* PROBLEM DETAILS
Copy every line of the listing that holds the string "unfolding".

START PROVIDED DATA

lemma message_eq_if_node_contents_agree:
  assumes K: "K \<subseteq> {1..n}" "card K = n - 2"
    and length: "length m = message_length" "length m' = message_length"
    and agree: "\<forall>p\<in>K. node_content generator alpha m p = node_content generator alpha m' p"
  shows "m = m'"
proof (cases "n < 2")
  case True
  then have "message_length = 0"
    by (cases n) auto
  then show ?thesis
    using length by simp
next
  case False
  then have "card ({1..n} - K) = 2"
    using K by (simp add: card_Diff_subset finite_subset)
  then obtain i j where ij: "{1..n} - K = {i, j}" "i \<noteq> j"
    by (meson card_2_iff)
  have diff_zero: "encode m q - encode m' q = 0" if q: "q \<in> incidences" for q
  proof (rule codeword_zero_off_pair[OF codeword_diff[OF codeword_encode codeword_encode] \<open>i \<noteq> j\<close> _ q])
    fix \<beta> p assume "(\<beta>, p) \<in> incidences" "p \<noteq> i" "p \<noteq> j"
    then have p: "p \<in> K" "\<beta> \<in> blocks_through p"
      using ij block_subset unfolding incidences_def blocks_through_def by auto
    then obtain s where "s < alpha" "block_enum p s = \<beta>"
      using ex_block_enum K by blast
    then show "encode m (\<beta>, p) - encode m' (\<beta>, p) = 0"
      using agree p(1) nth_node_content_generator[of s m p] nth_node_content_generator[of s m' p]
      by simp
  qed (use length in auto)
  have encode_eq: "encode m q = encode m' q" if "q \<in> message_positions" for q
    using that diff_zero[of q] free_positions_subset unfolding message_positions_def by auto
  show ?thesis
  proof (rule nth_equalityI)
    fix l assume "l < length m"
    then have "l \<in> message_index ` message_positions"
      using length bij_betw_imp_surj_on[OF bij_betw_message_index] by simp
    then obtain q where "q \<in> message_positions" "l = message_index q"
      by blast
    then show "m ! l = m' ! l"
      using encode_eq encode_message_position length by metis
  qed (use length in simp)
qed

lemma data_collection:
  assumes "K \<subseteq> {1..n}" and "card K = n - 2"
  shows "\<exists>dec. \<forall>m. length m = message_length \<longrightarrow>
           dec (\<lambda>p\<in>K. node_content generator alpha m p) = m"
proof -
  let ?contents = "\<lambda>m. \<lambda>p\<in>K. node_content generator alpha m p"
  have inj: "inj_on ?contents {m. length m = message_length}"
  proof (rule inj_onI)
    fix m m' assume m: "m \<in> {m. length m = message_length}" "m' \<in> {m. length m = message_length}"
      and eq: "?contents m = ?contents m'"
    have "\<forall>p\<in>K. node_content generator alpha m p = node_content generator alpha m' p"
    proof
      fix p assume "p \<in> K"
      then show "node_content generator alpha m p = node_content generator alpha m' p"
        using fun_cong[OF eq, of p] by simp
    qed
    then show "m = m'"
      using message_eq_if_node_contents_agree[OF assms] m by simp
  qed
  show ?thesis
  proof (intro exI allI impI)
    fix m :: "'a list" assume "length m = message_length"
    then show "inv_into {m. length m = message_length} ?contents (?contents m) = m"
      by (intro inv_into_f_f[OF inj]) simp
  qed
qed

END PROVIDED DATA

* SOLUTION TO THIS PROBLEM
      using ij block_subset unfolding incidences_def blocks_through_def by auto
    using that diff_zero[of q] free_positions_subset unfolding message_positions_def by auto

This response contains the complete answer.